**What the task asks:**
Every line of the records below that has the word "auto" should be copied.

***

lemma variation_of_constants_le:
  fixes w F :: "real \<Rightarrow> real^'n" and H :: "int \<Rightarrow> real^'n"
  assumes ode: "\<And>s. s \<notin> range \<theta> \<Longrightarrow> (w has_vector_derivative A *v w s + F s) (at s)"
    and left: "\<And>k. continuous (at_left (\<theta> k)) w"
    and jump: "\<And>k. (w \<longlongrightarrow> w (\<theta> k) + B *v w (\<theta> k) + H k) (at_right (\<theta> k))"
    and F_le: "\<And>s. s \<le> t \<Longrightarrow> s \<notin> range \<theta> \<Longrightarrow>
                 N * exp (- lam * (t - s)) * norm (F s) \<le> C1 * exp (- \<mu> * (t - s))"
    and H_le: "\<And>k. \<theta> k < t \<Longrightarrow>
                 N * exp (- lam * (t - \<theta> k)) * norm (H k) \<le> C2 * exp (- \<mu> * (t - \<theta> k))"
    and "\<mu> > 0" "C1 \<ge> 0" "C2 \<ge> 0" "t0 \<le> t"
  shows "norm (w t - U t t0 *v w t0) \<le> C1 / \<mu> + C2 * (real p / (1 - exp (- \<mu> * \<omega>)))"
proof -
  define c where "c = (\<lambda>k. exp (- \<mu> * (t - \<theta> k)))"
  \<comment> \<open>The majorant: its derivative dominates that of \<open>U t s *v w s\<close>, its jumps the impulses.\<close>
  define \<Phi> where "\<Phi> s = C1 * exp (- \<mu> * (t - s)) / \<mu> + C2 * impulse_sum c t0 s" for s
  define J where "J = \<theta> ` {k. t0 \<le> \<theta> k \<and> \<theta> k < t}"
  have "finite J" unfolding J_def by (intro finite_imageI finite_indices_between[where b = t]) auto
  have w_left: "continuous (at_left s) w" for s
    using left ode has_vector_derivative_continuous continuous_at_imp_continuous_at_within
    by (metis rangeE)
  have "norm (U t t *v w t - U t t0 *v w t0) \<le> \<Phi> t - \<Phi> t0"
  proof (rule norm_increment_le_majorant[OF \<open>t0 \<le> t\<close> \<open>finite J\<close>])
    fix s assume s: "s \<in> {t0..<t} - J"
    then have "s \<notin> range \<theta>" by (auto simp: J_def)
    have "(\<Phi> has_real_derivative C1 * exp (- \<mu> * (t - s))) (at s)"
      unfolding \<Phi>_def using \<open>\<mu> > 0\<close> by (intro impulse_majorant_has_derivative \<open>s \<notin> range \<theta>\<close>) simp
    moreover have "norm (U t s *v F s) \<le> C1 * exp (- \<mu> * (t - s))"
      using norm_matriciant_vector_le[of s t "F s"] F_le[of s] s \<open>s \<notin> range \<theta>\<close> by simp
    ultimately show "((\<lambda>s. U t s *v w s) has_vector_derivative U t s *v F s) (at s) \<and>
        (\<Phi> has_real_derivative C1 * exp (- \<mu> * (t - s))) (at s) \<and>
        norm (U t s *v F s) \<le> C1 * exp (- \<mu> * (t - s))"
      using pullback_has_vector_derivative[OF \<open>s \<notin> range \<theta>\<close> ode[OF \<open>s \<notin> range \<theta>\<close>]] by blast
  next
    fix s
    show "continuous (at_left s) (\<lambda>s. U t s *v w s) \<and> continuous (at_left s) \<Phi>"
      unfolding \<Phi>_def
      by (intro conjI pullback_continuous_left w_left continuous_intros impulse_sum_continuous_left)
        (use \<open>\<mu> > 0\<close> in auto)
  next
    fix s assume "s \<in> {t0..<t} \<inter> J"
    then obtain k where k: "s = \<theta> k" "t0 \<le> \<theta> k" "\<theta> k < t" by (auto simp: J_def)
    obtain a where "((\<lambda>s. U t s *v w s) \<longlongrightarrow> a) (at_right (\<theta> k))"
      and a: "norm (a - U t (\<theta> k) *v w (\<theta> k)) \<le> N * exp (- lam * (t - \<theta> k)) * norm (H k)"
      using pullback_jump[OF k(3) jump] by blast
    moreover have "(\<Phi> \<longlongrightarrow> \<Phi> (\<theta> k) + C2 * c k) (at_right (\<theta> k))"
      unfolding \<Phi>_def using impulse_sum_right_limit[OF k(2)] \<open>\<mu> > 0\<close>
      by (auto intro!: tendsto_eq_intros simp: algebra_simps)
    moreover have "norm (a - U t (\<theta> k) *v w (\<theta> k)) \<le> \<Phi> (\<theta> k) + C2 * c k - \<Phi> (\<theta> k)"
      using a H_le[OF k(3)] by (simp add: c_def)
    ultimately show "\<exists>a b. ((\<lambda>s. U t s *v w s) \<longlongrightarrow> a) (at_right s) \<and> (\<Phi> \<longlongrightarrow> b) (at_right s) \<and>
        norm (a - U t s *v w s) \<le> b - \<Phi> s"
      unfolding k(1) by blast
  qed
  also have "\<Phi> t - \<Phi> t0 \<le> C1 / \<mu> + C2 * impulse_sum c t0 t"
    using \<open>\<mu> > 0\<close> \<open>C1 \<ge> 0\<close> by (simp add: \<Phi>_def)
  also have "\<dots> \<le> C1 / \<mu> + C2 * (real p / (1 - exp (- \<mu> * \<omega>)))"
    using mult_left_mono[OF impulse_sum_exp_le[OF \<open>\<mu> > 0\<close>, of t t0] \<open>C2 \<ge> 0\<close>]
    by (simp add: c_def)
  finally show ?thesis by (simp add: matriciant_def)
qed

***

**Task result:**
  have "finite J" unfolding J_def by (intro finite_imageI finite_indices_between[where b = t]) auto
    then have "s \<notin> range \<theta>" by (auto simp: J_def)
        (use \<open>\<mu> > 0\<close> in auto)
    then obtain k where k: "s = \<theta> k" "t0 \<le> \<theta> k" "\<theta> k < t" by (auto simp: J_def)
      by (auto intro!: tendsto_eq_intros simp: algebra_simps)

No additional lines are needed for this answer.